A primeira semana de Plano Real trouxe várias surpresas, mas ficou longe do clima de confusão assustadora que muitos temiam. Afinal, não se troca todo o meio circulante de um país a toda hora, por mais que no Brasil a experiência cotidiana acumulada ao longo de várias reformas monetárias seja enorme.
Houve basicamente duas surpresas: o patamar em que o BC fixou as taxas de juros e a opção por uma taxa de câmbio que, de saída, impõe custos aos que especularam comprando dólares antes do plano.
Agora, ficar com o dólar desvalorizado nas mãos é aumentar as perdas, frente à oportunidade de ganhar em reais. Assim, a corrida para se desfazer de divisas nos últimos dias permitiu, com o BC fora do mercado, manter o câmbio abaixo da paridade R$ 1 = US$ 1.
Deve-se ressaltar mais uma vez o custo financeiro e econômico de manutenção de juros elevados. Destaque-se ainda que, embora se saiba que a inflação vai cair, e com ela os juros, coloca-se um dilema do tipo ovo e galinha: esperar a confirmação estatística de que os preços se estabilizaram ou sinalizar, desde já, juros declinantes?

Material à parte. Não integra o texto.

text \<open>Scalar multiplication on the coordinate spaces \<open>'i \<Rightarrow> 'f\<close> (pointwise).
  The spaces F^S for a finite set S are modelled as the functions supported in S.\<close>
definition fscale :: "'f::field \<Rightarrow> ('i \<Rightarrow> 'f) \<Rightarrow> ('i \<Rightarrow> 'f)" where
  "fscale c v = (\<lambda>i. c * v i)"

definition supported_in :: "'i set \<Rightarrow> ('i \<Rightarrow> 'f::zero) set" where
  "supported_in S = {v. \<forall>i. i \<notin> S \<longrightarrow> v i = 0}"

definition incidence_map ::
  "'e set \<Rightarrow> ('e \<Rightarrow> 'x) \<Rightarrow> ('e \<Rightarrow> 'x) \<Rightarrow> ('e \<Rightarrow> 'f::field) \<Rightarrow> ('x \<Rightarrow> 'f)" where
  "incidence_map E s t v =
     (\<lambda>x. \<Sum>e\<in>E. v e * ((if t e = x then 1 else 0) - (if s e = x then 1 else 0)))"

definition lin_ext ::
  "('f \<Rightarrow> 'u \<Rightarrow> 'u) \<Rightarrow> 'x set \<Rightarrow> ('x \<Rightarrow> 'u::ab_group_add) \<Rightarrow> ('x \<Rightarrow> 'f) \<Rightarrow> 'u" where
  "lin_ext scale X \<phi> w = (\<Sum>x\<in>X. scale (w x) (\<phi> x))"

definition defect ::
  "('f::field \<Rightarrow> 'u \<Rightarrow> 'u) \<Rightarrow> 'x set \<Rightarrow> 'e set \<Rightarrow> ('e \<Rightarrow> 'x) \<Rightarrow> ('e \<Rightarrow> 'x)
     \<Rightarrow> ('x \<Rightarrow> 'u::ab_group_add) \<Rightarrow> nat" where
  "defect scale X E s t \<phi> =
     vector_space.dim (fscale :: 'f \<Rightarrow> ('x \<Rightarrow> 'f) \<Rightarrow> _)
       ((incidence_map E s t ` supported_in E) \<inter>
        {w \<in> supported_in X. lin_ext scale X \<phi> w = 0})"

definition weak_rel :: "'x set \<Rightarrow> 'e set \<Rightarrow> ('e \<Rightarrow> 'x) \<Rightarrow> ('e \<Rightarrow> 'x) \<Rightarrow> ('x \<times> 'x) set" where
  "weak_rel X E s t = (Id_on X \<union> (\<Union>e\<in>E. {(s e, t e), (t e, s e)}))\<^sup>*"

definition weak_components :: "'x set \<Rightarrow> 'e set \<Rightarrow> ('e \<Rightarrow> 'x) \<Rightarrow> ('e \<Rightarrow> 'x) \<Rightarrow> 'x set set" where
  "weak_components X E s t = X // weak_rel X E s t"

definition weakly_connected :: "'x set \<Rightarrow> 'e set \<Rightarrow> ('e \<Rightarrow> 'x) \<Rightarrow> ('e \<Rightarrow> 'x) \<Rightarrow> bool" where
  "weakly_connected X E s t \<longleftrightarrow> (\<forall>x\<in>X. \<forall>y\<in>X. (x, y) \<in> weak_rel X E s t)"

definition basepoint_choice ::
  "'x set \<Rightarrow> 'e set \<Rightarrow> ('e \<Rightarrow> 'x) \<Rightarrow> ('e \<Rightarrow> 'x) \<Rightarrow> ('x set \<Rightarrow> 'x) \<Rightarrow> bool" where
  "basepoint_choice X E s t r \<longleftrightarrow> (\<forall>C\<in>weak_components X E s t. r C \<in> C)"

text \<open>Index set of the domain of A_\<phi>: the disjoint union over components C of C - {r C}
  (the components partition X, so this is X minus the basepoints).\<close>
definition nonbase :: "'x set \<Rightarrow> 'e set \<Rightarrow> ('e \<Rightarrow> 'x) \<Rightarrow> ('e \<Rightarrow> 'x) \<Rightarrow> ('x set \<Rightarrow> 'x) \<Rightarrow> 'x set" where
  "nonbase X E s t r = (\<Union>C\<in>weak_components X E s t. C - {r C})"

definition rel_vec ::
  "'x set \<Rightarrow> 'e set \<Rightarrow> ('e \<Rightarrow> 'x) \<Rightarrow> ('e \<Rightarrow> 'x) \<Rightarrow> ('x set \<Rightarrow> 'x) \<Rightarrow> ('x \<Rightarrow> 'u::ab_group_add) \<Rightarrow> 'x \<Rightarrow> 'u" where
  "rel_vec X E s t r \<phi> x = \<phi> x - \<phi> (r (weak_rel X E s t `` {x}))"

definition A_map ::
  "('f \<Rightarrow> 'u \<Rightarrow> 'u) \<Rightarrow> 'x set \<Rightarrow> 'e set \<Rightarrow> ('e \<Rightarrow> 'x) \<Rightarrow> ('e \<Rightarrow> 'x) \<Rightarrow> ('x set \<Rightarrow> 'x)
     \<Rightarrow> ('x \<Rightarrow> 'u::ab_group_add) \<Rightarrow> ('x \<Rightarrow> 'f) \<Rightarrow> 'u" where
  "A_map scale X E s t r \<phi> w = (\<Sum>x\<in>nonbase X E s t r. scale (w x) (rel_vec X E s t r \<phi> x))"

definition ker_A ::
  "('f::field \<Rightarrow> 'u \<Rightarrow> 'u) \<Rightarrow> 'x set \<Rightarrow> 'e set \<Rightarrow> ('e \<Rightarrow> 'x) \<Rightarrow> ('e \<Rightarrow> 'x) \<Rightarrow> ('x set \<Rightarrow> 'x)
     \<Rightarrow> ('x \<Rightarrow> 'u::ab_group_add) \<Rightarrow> ('x \<Rightarrow> 'f) set" where
  "ker_A scale X E s t r \<phi> =
     {w \<in> supported_in (nonbase X E s t r). A_map scale X E s t r \<phi> w = 0}"

definition lin_indep_family :: "('f::field \<Rightarrow> 'u \<Rightarrow> 'u) \<Rightarrow> 'i set \<Rightarrow> ('i \<Rightarrow> 'u::ab_group_add) \<Rightarrow> bool" where
  "lin_indep_family scale I v \<longleftrightarrow>
     (\<forall>c. (\<Sum>i\<in>I. scale (c i) (v i)) = 0 \<longrightarrow> (\<forall>i\<in>I. c i = 0))"

definition aff_indep_family :: "('f::field \<Rightarrow> 'u \<Rightarrow> 'u) \<Rightarrow> 'i set \<Rightarrow> ('i \<Rightarrow> 'u::ab_group_add) \<Rightarrow> bool" where
  "aff_indep_family scale I v \<longleftrightarrow>
     (\<forall>c. (\<Sum>i\<in>I. c i) = 0 \<and> (\<Sum>i\<in>I. scale (c i) (v i)) = 0 \<longrightarrow> (\<forall>i\<in>I. c i = 0))"

end

theory Submission
  imports Defs
begin

(* Join every vertex y that is not a basepoint to the basepoint r(y) of its weak component.
  The map u |-> sum_y u(y) (1_y - 1_r(y)), i.e. the incidence map of this star forest, is an
  isomorphism from F^(X - basepoints) onto Im B_D: its values lie in Im B_D because 1_c - 1_a is
  in Im B_D whenever a and c are joined by an undirected path, it is injective because it does
  not change the coordinates off the basepoints, and it is onto because an element of Im B_D
  sums to zero over every component and is therefore determined by those coordinates.
  Composing it with phi-hat gives exactly A_phi, so it maps Ker A_phi onto
  Im B_D \<inter> Ker phi-hat, which proves (1). Part (2) says that a subspace of a finite-dimensional
  space has dimension 0 iff it is trivial, and (3) that (phi x)_x is affinely independent iff
  (phi x - phi rho)_(x \<noteq> rho) is linearly independent. *)

lemma sum_fun_apply: "(sum f A) x = (\<Sum>a\<in>A. f a x)"
  by (induction A rule: infinite_finite_induct) auto

interpretation F: vector_space "fscale :: 'f::field \<Rightarrow> ('x \<Rightarrow> 'f) \<Rightarrow> _"
  by unfold_locales (auto simp: fscale_def fun_eq_iff algebra_simps)

(* The library versions dim_eq_0 and dim_image_eq need a finite-dimensional ambient space,
  which the coordinate space 'x \<Rightarrow> 'f is not in general. *)
lemma (in vector_space) dim_eq_0_iff_subset_zero:
  assumes "S \<subseteq> span W" and "finite W"
  shows "dim S = 0 \<longleftrightarrow> S \<subseteq> {0}"
proof -
  obtain B where B: "B \<subseteq> S" "independent B" "S \<subseteq> span B" "card B = dim S"
    by (rule basis_exists)
  have "finite B"
    using independent_span_bound[OF assms(2) B(2)] B(1) assms(1) by blast
  then have "dim S = 0 \<longleftrightarrow> B = {}"
    using B(4) by auto
  also have "\<dots> \<longleftrightarrow> S \<subseteq> {0}"
    using B(1-3) dependent_zero by auto
  finally show ?thesis .
qed

lemma (in Vector_Spaces.linear) dim_image_eq_of_inj_on_span:
  assumes "inj_on f (vs1.span S)"
  shows "vs2.dim (f ` S) = vs1.dim S"
proof -
  obtain B where B: "B \<subseteq> S" "vs1.independent B" "S \<subseteq> vs1.span B" "card B = vs1.dim S"
    by (rule vs1.basis_exists)
  have span_B: "vs1.span B = vs1.span S"
    using B(1,3) vs1.span_mono vs1.span_span by blast
  have "vs2.span (f ` B) = vs2.span (f ` S)"
    by (simp add: span_image span_B)
  moreover have "vs2.independent (f ` B)"
    using independent_injective_image[OF B(2)] assms span_B by simp
  ultimately have "vs2.dim (f ` S) = card (f ` B)"
    by (rule vs2.dim_eq_card)
  also have "\<dots> = card B"
    using assms B(1) vs1.span_superset by (meson card_image inj_on_subset subset_trans)
  finally show ?thesis
    using B(4) by simp
qed

definition unit_vec :: "'i \<Rightarrow> 'i \<Rightarrow> 'f::{zero,one}" where
  "unit_vec a = (\<lambda>z. if a = z then 1 else 0)"

lemma subspace_supported_in: "F.subspace (supported_in S)"
  by (auto simp: F.subspace_def supported_in_def fscale_def)

lemma supported_in_mono: "S \<subseteq> T \<Longrightarrow> supported_in S \<subseteq> supported_in T"
  unfolding supported_in_def by blast

lemma supported_in_subset_span:
  fixes S :: "'i set"
  assumes "finite S"
  shows "supported_in S \<subseteq> F.span (unit_vec ` S :: ('i \<Rightarrow> 'f::field) set)"
proof
  fix w :: "'i \<Rightarrow> 'f" assume "w \<in> supported_in S"
  then have "w = (\<Sum>i\<in>S. fscale (w i) (unit_vec i))"
    using assms
    by (auto simp: fun_eq_iff sum_fun_apply fscale_def unit_vec_def supported_in_def
        if_distrib[where f="\<lambda>c. _ * c"] cong: if_cong)
  also have "\<dots> \<in> F.span (unit_vec ` S)"
    by (intro F.span_sum F.span_scale F.span_base) auto
  finally show "w \<in> F.span (unit_vec ` S)" .
qed

lemma lin_indep_family_iff_kernel_trivial:
  "lin_indep_family scale I v \<longleftrightarrow> {c \<in> supported_in I. (\<Sum>i\<in>I. scale (c i) (v i)) = 0} \<subseteq> {0}"
proof
  assume "lin_indep_family scale I v"
  then show "{c \<in> supported_in I. (\<Sum>i\<in>I. scale (c i) (v i)) = 0} \<subseteq> {0}"
    unfolding lin_indep_family_def supported_in_def by (auto simp: fun_eq_iff) metis
next
  assume trivial: "{c \<in> supported_in I. (\<Sum>i\<in>I. scale (c i) (v i)) = 0} \<subseteq> {0}"
  show "lin_indep_family scale I v"
    unfolding lin_indep_family_def
  proof (intro allI impI ballI)
    fix c i assume "(\<Sum>i\<in>I. scale (c i) (v i)) = 0" and "i \<in> I"
    moreover define c' where "c' = (\<lambda>i. if i \<in> I then c i else 0)"
    ultimately have "c' \<in> {c \<in> supported_in I. (\<Sum>i\<in>I. scale (c i) (v i)) = 0}"
      by (simp add: supported_in_def)
    then have "c' i = 0"
      using trivial by auto
    then show "c i = 0"
      using \<open>i \<in> I\<close> by (simp add: c'_def)
  qed
qed

lemma lin_indep_family_cong:
  "(\<And>i. i \<in> I \<Longrightarrow> v i = w i) \<Longrightarrow> lin_indep_family scale I v \<longleftrightarrow> lin_indep_family scale I w"
  unfolding lin_indep_family_def by (metis (no_types, lifting) sum.cong)

lemma aff_indep_family_iff_lin_indep_family_diff:
  fixes scale :: "'f::field \<Rightarrow> 'u::ab_group_add \<Rightarrow> 'u" and X :: "'i set"
  assumes "vector_space scale" and "finite X" and "\<rho> \<in> X"
  shows "aff_indep_family scale X \<phi> \<longleftrightarrow> lin_indep_family scale (X - {\<rho>}) (\<lambda>x. \<phi> x - \<phi> \<rho>)"
proof -
  interpret vector_space scale
    by (rule assms(1))
  define complete :: "('i \<Rightarrow> 'f) \<Rightarrow> 'i \<Rightarrow> 'f"
    where "complete c = c(\<rho> := - (\<Sum>x\<in>X - {\<rho>}. c x))" for c
  have split: "sum g X = g \<rho> + sum g (X - {\<rho>})" for g :: "'i \<Rightarrow> 'b::comm_monoid_add"
    using sum.remove[OF assms(2,3)] .
  have complete_on_rest: "sum (\<lambda>x. g (complete c x)) (X - {\<rho>}) = sum (\<lambda>x. g (c x)) (X - {\<rho>})"
    for c and g :: "'f \<Rightarrow> 'b::comm_monoid_add"
    by (rule sum.cong) (auto simp: complete_def)
  have sum_complete: "sum (complete c) X = 0" for c
    using split[of "complete c"] complete_on_rest[of "\<lambda>a. a" c] by (simp add: complete_def)
  have combination_complete:
    "(\<Sum>x\<in>X. scale (complete c x) (\<phi> x)) = (\<Sum>x\<in>X - {\<rho>}. scale (c x) (\<phi> x - \<phi> \<rho>))" for c
    using split[of "\<lambda>x. scale (complete c x) (\<phi> x)"] complete_on_rest[of "\<lambda>a. scale a _" c]
    by (simp add: complete_def scale_right_diff_distrib sum_subtractf scale_sum_left scale_minus_left)
  have complete_eq: "complete c = c" if "sum c X = 0" for c
    using that split[of c] by (simp add: complete_def fun_eq_iff add_eq_0_iff2)
  show ?thesis
  proof
    assume aff: "aff_indep_family scale X \<phi>"
    show "lin_indep_family scale (X - {\<rho>}) (\<lambda>x. \<phi> x - \<phi> \<rho>)"
      unfolding lin_indep_family_def
    proof (intro allI impI ballI)
      fix c x
      assume "(\<Sum>x\<in>X - {\<rho>}. scale (c x) (\<phi> x - \<phi> \<rho>)) = 0" and x: "x \<in> X - {\<rho>}"
      then have "\<forall>y\<in>X. complete c y = 0"
        using aff sum_complete combination_complete unfolding aff_indep_family_def by metis
      then show "c x = 0"
        using x by (auto simp: complete_def)
    qed
  next
    assume lin: "lin_indep_family scale (X - {\<rho>}) (\<lambda>x. \<phi> x - \<phi> \<rho>)"
    show "aff_indep_family scale X \<phi>"
      unfolding aff_indep_family_def
    proof (intro allI impI ballI)
      fix c x
      assume c: "sum c X = 0 \<and> (\<Sum>x\<in>X. scale (c x) (\<phi> x)) = 0" and "x \<in> X"
      then have rest: "\<forall>y\<in>X - {\<rho>}. c y = 0"
        using lin combination_complete[of c] complete_eq[of c] unfolding lin_indep_family_def by metis
      then have "c \<rho> = 0"
        using c split[of c] by simp
      then show "c x = 0"
        using rest \<open>x \<in> X\<close> by blast
    qed
  qed
qed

Além desse dilema, é importante reconhecer que o governo adotou a estratégia conhecida nos estudos acadêmicos como "overshooting", o tiro de canhão mirando um alvo não tão robusto. Mas prevaleceram a cautela e a memória de outros planos, nos quais o descuido com o controle da moeda comprometeu a estabilização. Não há portanto motivo para pânico, mas a margem para decisões de política econômica discricionárias ainda é enorme.

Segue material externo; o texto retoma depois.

lemma report_prob_mono:
  assumes "0 \<le> \<epsilon>" "s\<^sub>1 \<le> s\<^sub>2"
  shows "report_prob \<sigma> l s\<^sub>1 \<epsilon> 1 \<le> report_prob \<sigma> l s\<^sub>2 \<epsilon> 1"
proof -
  define t where "t = thr \<sigma> l"
  have below: "report_prob \<sigma> l s \<epsilon> 1 = exp (- (\<epsilon> * (t - s))) / 2" if "s \<le> t" for s
    using that by (simp add: report_prob_def act_def flip_prob_def t_def abs_if)
  have above: "report_prob \<sigma> l s \<epsilon> 1 = 1 - exp (- (\<epsilon> * (s - t))) / 2" if "t < s" for s
    using that by (simp add: report_prob_def act_def flip_prob_def t_def)
  consider "s\<^sub>2 \<le> t" | "s\<^sub>1 \<le> t" "t < s\<^sub>2" | "t < s\<^sub>1"
    using assms(2) by linarith
  then show ?thesis
  proof cases
    case 1
    then show ?thesis
      using assms mult_left_mono[of "t - s\<^sub>2" "t - s\<^sub>1" \<epsilon>] by (simp add: below)
  next
    case 2
    have "exp (- (\<epsilon> * (t - s\<^sub>1))) \<le> 1" "exp (- (\<epsilon> * (s\<^sub>2 - t))) \<le> 1"
      using 2 assms(1) by auto
    then show ?thesis unfolding below[OF 2(1)] above[OF 2(2)] by linarith
  next
    case 3
    then show ?thesis
      using assms mult_left_mono[of "s\<^sub>1 - t" "s\<^sub>2 - t" \<epsilon>] by (simp add: above)
  qed
qed

lemma report_prob_gap:
  assumes "0 \<le> \<epsilon>" "\<epsilon> \<le> 1" "s\<^sub>1 \<le> thr \<sigma> l - 1/2" "thr \<sigma> l + 1/2 \<le> s\<^sub>2"
  shows "(1 - exp (-1/4)) * indicator {1/2..1} \<epsilon> \<le> report_prob \<sigma> l s\<^sub>2 \<epsilon> 1 - report_prob \<sigma> l s\<^sub>1 \<epsilon> 1"
proof -
  define t where "t = thr \<sigma> l"
  have "report_prob \<sigma> l s\<^sub>2 \<epsilon> 1 = 1 - exp (- \<epsilon> * (s\<^sub>2 - t)) / 2"
    "report_prob \<sigma> l s\<^sub>1 \<epsilon> 1 = exp (- \<epsilon> * (t - s\<^sub>1)) / 2"
    using assms(3,4) by (auto simp: report_prob_def act_def flip_prob_def t_def)
  moreover have "\<epsilon> * (1/2) \<le> \<epsilon> * (s\<^sub>2 - t)" "\<epsilon> * (1/2) \<le> \<epsilon> * (t - s\<^sub>1)"
    using assms by (intro mult_left_mono; simp add: t_def)+
  then have "exp (- \<epsilon> * (s\<^sub>2 - t)) \<le> exp (- \<epsilon> / 2)" "exp (- \<epsilon> * (t - s\<^sub>1)) \<le> exp (- \<epsilon> / 2)"
    by simp_all
  moreover have "(1 - exp (-1/4)) * indicator {1/2..1} \<epsilon> \<le> 1 - exp (- \<epsilon> / 2)"
    using assms(1) by (auto split: split_indicator)
  ultimately show ?thesis by linarith
qed

lemma report_prob_set_integrable: "set_integrable lborel {0..1} (\<lambda>\<epsilon>. report_prob \<sigma> l s \<epsilon> x)"
proof -
  have "\<bar>report_prob \<sigma> l s \<epsilon> x\<bar> \<le> 1" if "0 \<le> \<epsilon>" for \<epsilon>
    using report_prob_bounds[OF that, of \<sigma> l s x] by auto
  then show ?thesis
    unfolding set_integrable_def by (intro integrableI_bounded_set_indicator[where B=1]) auto
qed

definition avg_report_prob :: "real \<Rightarrow> real \<Rightarrow> real \<Rightarrow> real \<Rightarrow> real" where
  "avg_report_prob \<sigma> l s x = (LINT \<epsilon>:{0..1}|lborel. report_prob \<sigma> l s \<epsilon> x)"

lemma avg_report_prob_measurable [measurable]: "(\<lambda>s. avg_report_prob \<sigma> l s x) \<in> borel_measurable lborel"
  unfolding avg_report_prob_def set_lebesgue_integral_def by measurable

lemma avg_report_prob_bounds: "0 \<le> avg_report_prob \<sigma> l s x \<and> avg_report_prob \<sigma> l s x \<le> 1"
proof
  have "(LINT \<epsilon>:{0..1::real}|lborel. 0) \<le> avg_report_prob \<sigma> l s x"
    unfolding avg_report_prob_def
    by (intro set_integral_mono set_integrable_unit_interval_const report_prob_set_integrable)
       (simp add: report_prob_bounds)
  then show "0 \<le> avg_report_prob \<sigma> l s x" by (simp add: set_integral_unit_interval_const)
  have "avg_report_prob \<sigma> l s x \<le> (LINT \<epsilon>:{0..1::real}|lborel. 1)"
    unfolding avg_report_prob_def
    by (intro set_integral_mono set_integrable_unit_interval_const report_prob_set_integrable)
       (simp add: report_prob_bounds)
  then show "avg_report_prob \<sigma> l s x \<le> 1" by (simp add: set_integral_unit_interval_const)
qed

lemma avg_report_prob_minus_one: "avg_report_prob \<sigma> l s (-1) = 1 - avg_report_prob \<sigma> l s 1"
  unfolding avg_report_prob_def report_prob_minus_one
  by (simp add: set_integral_diff(2)[OF set_integrable_unit_interval_const report_prob_set_integrable]
      set_integral_unit_interval_const)

lemma avg_report_prob_ge: "exp (- \<bar>s - thr \<sigma> l\<bar>) / 2 \<le> avg_report_prob \<sigma> l s x"
proof -
  have "(LINT \<epsilon>:{0..1::real}|lborel. exp (- \<bar>s - thr \<sigma> l\<bar>) / 2) \<le> avg_report_prob \<sigma> l s x"
    unfolding avg_report_prob_def
    by (intro set_integral_mono set_integrable_unit_interval_const report_prob_set_integrable)
       (use flip_prob_ge report_prob_ge_flip_prob in \<open>fastforce intro: order_trans\<close>)
  then show ?thesis by (simp add: set_integral_unit_interval_const)
qed

lemma avg_report_prob_mono: "s\<^sub>1 \<le> s\<^sub>2 \<Longrightarrow> avg_report_prob \<sigma> l s\<^sub>1 1 \<le> avg_report_prob \<sigma> l s\<^sub>2 1"
  unfolding avg_report_prob_def
  by (intro set_integral_mono report_prob_set_integrable) (auto intro: report_prob_mono)

lemma avg_report_prob_gap:
  assumes "s\<^sub>1 \<le> thr \<sigma> l - 1/2" "thr \<sigma> l + 1/2 \<le> s\<^sub>2"
  shows "(1 - exp (-1/4)) / 2 \<le> avg_report_prob \<sigma> l s\<^sub>2 1 - avg_report_prob \<sigma> l s\<^sub>1 1"
proof -
  let ?g = "\<lambda>\<epsilon>::real. (1 - exp (-1/4)) * indicator {1/2..1} \<epsilon> :: real"
  have "(\<lambda>\<epsilon>. indicator {0..1} \<epsilon> *\<^sub>R ?g \<epsilon>) = ?g"
    by (auto split: split_indicator)
  then have "(1 - exp (-1/4)) / 2 = (LINT \<epsilon>:{0..1}|lborel. ?g \<epsilon>)"
    unfolding set_lebesgue_integral_def by simp
  also have "\<dots> \<le> (LINT \<epsilon>:{0..1}|lborel. report_prob \<sigma> l s\<^sub>2 \<epsilon> 1 - report_prob \<sigma> l s\<^sub>1 \<epsilon> 1)"
  proof (rule set_integral_mono)
    show "set_integrable lborel {0..1} ?g"
      unfolding set_integrable_def
      by (rule integrableI_bounded_set_indicator[where B=1]) (auto split: split_indicator)
  qed (use report_prob_gap[OF _ _ assms] report_prob_set_integrable in auto)
  also have "\<dots> = avg_report_prob \<sigma> l s\<^sub>2 1 - avg_report_prob \<sigma> l s\<^sub>1 1"
    unfolding avg_report_prob_def
    by (rule set_integral_diff(2)[OF report_prob_set_integrable report_prob_set_integrable])
  finally show ?thesis .
qed

lemma xprob_eq_avg_report_prob:
  "xprob \<sigma> l \<theta> x = (\<integral>s. normal_density \<theta> \<sigma> s * avg_report_prob \<sigma> l s x \<partial>lborel)"
  unfolding xprob_def avg_report_prob_def ..

lemma integrable_normal_density_mult_avg_report_prob:
  "0 < \<sigma> \<Longrightarrow> integrable lborel (\<lambda>s. normal_density \<mu> \<sigma> s * avg_report_prob \<sigma> l (a + s) x)"
  by (rule Bochner_Integration.integrable_bound[OF integrable_normal_density[where \<mu>=\<mu>]])
     (auto simp: avg_report_prob_bounds mult_left_le)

Nesse sentido não se pode ignorar o ambiente político em que se vai tentar a estabilização. Parece no mínimo ingênuo imaginar que o governo colocaria em primeiro plano a estabilização a qualquer custo, recorrendo à recessão se necessário, justamente às vésperas de um pleito em que concorre o ex-ministro que lançou o próprio plano.
Isso significa que a ousadia das medidas que virão e o grau de arrocho financeiro e cambial serão até pelo menos a eleição condicionadas, ainda que indiretamente, pela evolução das candidaturas.
Há ainda uma terceira surpresa, anunciada no meio da semana passada, que dá um pouco a dimensão da audácia com que talvez se tente conduzir o plano. O governo anunciou que vai reformar o sistema financeiro, eliminando ou onerando as aplicações de curtíssimo prazo.
A intenção é louvável e esta Folha tem denunciado sempre a ciranda financeira como obstáculo a uma autêntica estabilização.
O momento e a forma escolhidos para mudar o sistema financeiro, entretanto, dependem fortemente de variáveis políticas.
Quão dispostos estarão os agentes a alongar suas aplicações financeiras num ambiente de incerteza quanto à continuidade em 1995 do esforço de estabilização? Quantos aceitarão prazos mais longos num governo terminal?
O plano nada trouxe de sustos, portanto, mas depende de um conjunto significativo de decisões cuja ousadia, formato e "timing" ainda são bastante incertos.
Lançou-se o Plano Real com a animação dos estaleiros quando se despeja um novo casco sobre as águas. Deve-se comemorar ao máximo a ausência de sustos, truques ou precipitações. Mas a tradição de inaugurar os cascos novos estourando uma garrafa de champanhe nunca foi garantia de viagens totalmente seguras.